● **Problem**: Filter these entries down to lines holding "optimum".

___ Data supplied ___

text \<open>
  Write \<open>e\<^sub>3(p)\<close> for the third elementary symmetric polynomial of the design \<open>p\<close>.
  Summing \<open>L\<^sub>w(p)\<close> over the four cyclic rotations of a true vector \<open>w\<close> gives
  \<open>(\<Sum>w\<^sub>i) e\<^sub>3(p) = 16 e\<^sub>3(p) L\<^sub>w(u)\<close>, where \<open>u\<close> is the uniform design, while rotating \<open>w\<close>
  does not change \<open>max L\<^sub>w\<close>. So against some rotation of \<open>w\<close> the design \<open>p\<close> has efficiency at
  most \<open>16 e\<^sub>3(p)\<close> times that of \<open>u\<close> against \<open>w\<close>; since the efficiency of \<open>u\<close> is at least
  \<open>a/b\<close>, the worst-case loss of \<open>p\<close> exceeds that of \<open>u\<close> by at least
  \<open>(1 - (16 e\<^sub>3(p))\<^bsup>1/3\<^esup>) (a/b)\<^bsup>1/3\<^esup>\<close>, which by Maclaurin's inequality is positive unless
  \<open>p = u\<close>. As \<open>u\<close> is optimal for the constant vector \<open>(a,a,a,a)\<close>, the claim follows.

  The optimal design is unique, which is what makes \<open>R\<^sub>m\<^sub>a\<^sub>x\<close> well defined: an optimal
  design with a zero coordinate forces \<open>v\<^sub>4 \<ge> v\<^sub>1 + v\<^sub>2 + v\<^sub>3\<close> (up to
  symmetry) and then AM-GM pins every optimum to the face centroid; two distinct interior optima
  would make the cubic \<open>t \<mapsto> L\<^sub>v(p + t(q - p))\<close> have local maxima at \<open>0\<close> and \<open>1\<close>, hence be
  constant, so the line would meet the boundary in a third optimum.
\<close>

lemma amgm3_defect:
  fixes x y z :: real
  assumes "0 \<le> x" "0 \<le> y" "0 \<le> z"
  shows "27*x*y*z + (x+y+z) * ((x-y)^2 + (y-z)^2 + (z-x)^2) / 2 \<le> (x+y+z)^3"
proof -
  have "(x+y+z)^3 - (27*x*y*z + (x+y+z) * ((x-y)^2 + (y-z)^2 + (z-x)^2) / 2)
      = 3 * (x*(y-z)^2 + y*(x-z)^2 + z*(x-y)^2)"
    by (simp add: field_simps power2_eq_square power3_eq_cube)
  moreover have "0 \<le> 3 * (x*(y-z)^2 + y*(x-z)^2 + z*(x-y)^2)"
    using assms by simp
  ultimately show ?thesis by simp
qed

lemma amgm3_le_one:
  fixes x y z :: real
  assumes "0 \<le> x" "0 \<le> y" "0 \<le> z" "x + y + z \<le> 1"
  shows "27*x*y*z \<le> 1"
proof -
  have "0 \<le> (x+y+z) * ((x-y)^2 + (y-z)^2 + (z-x)^2) / 2"
    using assms by simp
  moreover have "(x+y+z)^3 \<le> 1"
    using assms by (simp add: power_le_one)
  ultimately show ?thesis
    using amgm3_defect[OF assms(1-3)] by linarith
qed

lemma amgm3_eq_one_imp:
  fixes x y z :: real
  assumes "0 \<le> x" "0 \<le> y" "0 \<le> z" "x + y + z = 1" "27*x*y*z = 1"
  shows "x = 1/3 \<and> y = 1/3 \<and> z = 1/3"
proof -
  have "(x-y)^2 + (y-z)^2 + (z-x)^2 \<le> 0"
    using amgm3_defect[OF assms(1-3)] assms(4,5) by simp
  then have "(x-y)^2 = 0" "(y-z)^2 = 0"
    by (smt (verit) zero_le_power2)+
  then show ?thesis
    using assms(4) by simp
qed

lemma maclaurin4_defect:
  fixes a b c d :: real
  assumes "0 \<le> a" "0 \<le> b" "0 \<le> c" "0 \<le> d"
  shows "(a+b+c+d) * ((a-b)^2 + (a-c)^2 + (a-d)^2 + (b-c)^2 + (b-d)^2 + (c-d)^2)
     \<le> 6 * ((a+b+c+d)^3 - 16 * (a*b*c + a*b*d + a*c*d + b*c*d))"
proof -
  have "6 * ((a+b+c+d)^3 - 16 * (a*b*c + a*b*d + a*c*d + b*c*d))
       - (a+b+c+d) * ((a-b)^2 + (a-c)^2 + (a-d)^2 + (b-c)^2 + (b-d)^2 + (c-d)^2)
     = (a+b)*(a-b)^2 + (a+c)*(a-c)^2 + (a+d)*(a-d)^2
        + (b+c)*(b-c)^2 + (b+d)*(b-d)^2 + (c+d)*(c-d)^2
       + 9 * ((a*(b-c)^2 + b*(a-c)^2 + c*(a-b)^2) + (a*(b-d)^2 + b*(a-d)^2 + d*(a-b)^2)
              + (a*(c-d)^2 + c*(a-d)^2 + d*(a-c)^2) + (b*(c-d)^2 + c*(b-d)^2 + d*(b-c)^2))"
    by (simp add: field_simps power2_eq_square power3_eq_cube)
  moreover have "0 \<le> (a+b)*(a-b)^2 + (a+c)*(a-c)^2 + (a+d)*(a-d)^2
        + (b+c)*(b-c)^2 + (b+d)*(b-d)^2 + (c+d)*(c-d)^2
       + 9 * ((a*(b-c)^2 + b*(a-c)^2 + c*(a-b)^2) + (a*(b-d)^2 + b*(a-d)^2 + d*(a-b)^2)
              + (a*(c-d)^2 + c*(a-d)^2 + d*(a-c)^2) + (b*(c-d)^2 + c*(b-d)^2 + d*(b-c)^2))"
    using assms by simp
  ultimately show ?thesis by simp
qed

lemma simplex4_iff:
  "p \<in> simplex4 \<longleftrightarrow> 0 \<le> p$1 \<and> 0 \<le> p$2 \<and> 0 \<le> p$3 \<and> 0 \<le> p$4 \<and> p$1 + p$2 + p$3 + p$4 = 1"
  by (simp add: simplex4_def forall_4 sum_4)

lemma uniform_design_simplex4: "uniform_design \<in> simplex4"
  by (simp add: simplex4_iff uniform_design_def)

lemma compact_simplex4: "compact simplex4"
proof -
  have eq: "simplex4 = {p::real^4. 0 \<le> p$1 \<and> 0 \<le> p$2 \<and> 0 \<le> p$3 \<and> 0 \<le> p$4 \<and> p$1 + p$2 + p$3 + p$4 = 1}"
    by (auto simp: simplex4_iff)
  have "closed simplex4"
    unfolding eq by (intro closed_Collect_conj closed_Collect_le closed_Collect_eq continuous_intros)
  moreover have "norm p \<le> 1" if "p \<in> simplex4" for p :: "real^4"
  proof -
    have "norm p \<le> (\<Sum>i\<in>UNIV. \<bar>p$i\<bar>)" by (rule norm_le_l1_cart)
    also have "\<dots> = 1" using that by (simp add: simplex4_def)
    finally show ?thesis .
  qed
  then have "bounded simplex4" by (auto simp: bounded_iff)
  ultimately show ?thesis by (simp add: compact_eq_bounded_closed)
qed

lemma Lv_nonneg: "p \<in> simplex4 \<Longrightarrow> \<forall>i. 0 \<le> v$i \<Longrightarrow> 0 \<le> Lv v p"
  by (simp add: Lv_def simplex4_iff)

lemma Lv_uniform_design: "Lv v uniform_design = (v$1 + v$2 + v$3 + v$4) / 64"
  by (simp add: Lv_def uniform_design_def field_simps)

lemma bdd_above_Lv: "bdd_above (Lv v ` simplex4)"
proof -
  have "continuous_on simplex4 (Lv v)"
    unfolding Lv_def by (intro continuous_intros)
  then show ?thesis
    using compact_simplex4 by (intro bounded_imp_bdd_above compact_imp_bounded compact_continuous_image)
qed

lemma Lv_le_Lmax: "q \<in> simplex4 \<Longrightarrow> Lv v q \<le> Lmax v"
  unfolding Lmax_def by (rule cSUP_upper[OF _ bdd_above_Lv])

definition esym3 :: "real^4 \<Rightarrow> real" where
  "esym3 p = p$1*p$2*p$3 + p$1*p$2*p$4 + p$1*p$3*p$4 + p$2*p$3*p$4"

lemma esym3_defect:
  assumes "p \<in> simplex4"
  shows "(p$1-p$2)^2 + (p$1-p$3)^2 + (p$1-p$4)^2 + (p$2-p$3)^2 + (p$2-p$4)^2 + (p$3-p$4)^2
      \<le> 6 * (1 - 16 * esym3 p)"
  using maclaurin4_defect[of "p$1" "p$2" "p$3" "p$4"] assms
  by (simp add: simplex4_iff esym3_def)

lemma esym3_le:
  assumes "p \<in> simplex4"
  shows "16 * esym3 p \<le> 1"
proof -
  define S where "S = (p$1-p$2)^2 + (p$1-p$3)^2 + (p$1-p$4)^2 + (p$2-p$3)^2 + (p$2-p$4)^2 + (p$3-p$4)^2"
  have "0 \<le> S" by (simp add: S_def)
  with esym3_defect[OF assms, folded S_def] show ?thesis by (simp add: algebra_simps)
qed

lemma esym3_less:
  assumes "p \<in> simplex4" "p \<noteq> uniform_design"
  shows "16 * esym3 p < 1"
proof (rule ccontr)
  assume "\<not> 16 * esym3 p < 1"
  then have "6 * (1 - 16 * esym3 p) \<le> 0" by simp
  with esym3_defect[OF assms(1)]
  have "(p$1-p$2)^2 + (p$1-p$3)^2 + (p$1-p$4)^2 + (p$2-p$3)^2 + (p$2-p$4)^2 + (p$3-p$4)^2 \<le> 0"
    by (rule order_trans)
  then have "(p$1-p$2)^2 = 0" "(p$1-p$3)^2 = 0" "(p$1-p$4)^2 = 0"
    by (smt (verit) zero_le_power2)+
  then have "p = uniform_design"
    using assms(1) by (simp add: simplex4_iff vec_eq_iff forall_4 uniform_design_def)
  with assms(2) show False ..
qed

lemma Lv_le_mult_esym3:
  assumes "v \<in> box4 a b" "p \<in> simplex4"
  shows "Lv v p \<le> b * esym3 p"
proof -
  have v: "v$1 \<le> b" "v$2 \<le> b" "v$3 \<le> b" "v$4 \<le> b"
    using assms(1) by (auto simp: box4_def)
  have p: "0 \<le> p$1" "0 \<le> p$2" "0 \<le> p$3" "0 \<le> p$4"
    using assms(2) by (auto simp: simplex4_iff)
  have "v$4*(p$1*p$2*p$3) + v$3*(p$1*p$2*p$4) + v$2*(p$1*p$3*p$4) + v$1*(p$2*p$3*p$4)
      \<le> b*(p$1*p$2*p$3) + b*(p$1*p$2*p$4) + b*(p$1*p$3*p$4) + b*(p$2*p$3*p$4)"
    using v p by (intro add_mono mult_right_mono) auto
  then show ?thesis by (simp add: Lv_def esym3_def algebra_simps)
qed

lemma Lmax_le:
  assumes "v \<in> box4 a b" "0 \<le> b"
  shows "Lmax v \<le> b / 16"
  unfolding Lmax_def
proof (rule cSUP_least)
  show "simplex4 \<noteq> {}" using uniform_design_simplex4 by blast
  fix p assume p: "p \<in> simplex4"
  have "Lv v p \<le> b * esym3 p" using Lv_le_mult_esym3[OF assms(1) p] .
  also have "\<dots> \<le> b * (1/16)" using esym3_le[OF p] assms(2) by (intro mult_left_mono) auto
  finally show "Lv v p \<le> b / 16" by simp
qed

definition is_opt_design :: "real^4 \<Rightarrow> real^4 \<Rightarrow> bool" where
  "is_opt_design v p \<longleftrightarrow> p \<in> simplex4 \<and> (\<forall>q\<in>simplex4. Lv v q \<le> Lv v p)"

section \<open>Permuting the coordinates\<close>

definition permute_vec :: "('n \<Rightarrow> 'n) \<Rightarrow> 'a^'n \<Rightarrow> 'a^'n" where
  "permute_vec \<sigma> x = (\<chi> i. x $ \<sigma> i)"

lemma permute_vec_nth [simp]: "permute_vec \<sigma> x $ i = x $ \<sigma> i"
  by (simp add: permute_vec_def)

lemma permute_vec_permute_vec [simp]: "permute_vec \<sigma> (permute_vec \<tau> x) = permute_vec (\<tau> \<circ> \<sigma>) x"
  by (simp add: vec_eq_iff)

lemma permute_vec_id [simp]: "permute_vec id x = x"
  by (simp add: vec_eq_iff)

___

● **Answer to the problem**:
  symmetry) and then AM-GM pins every optimum to the face centroid; two distinct interior optima
  constant, so the line would meet the boundary in a third optimum.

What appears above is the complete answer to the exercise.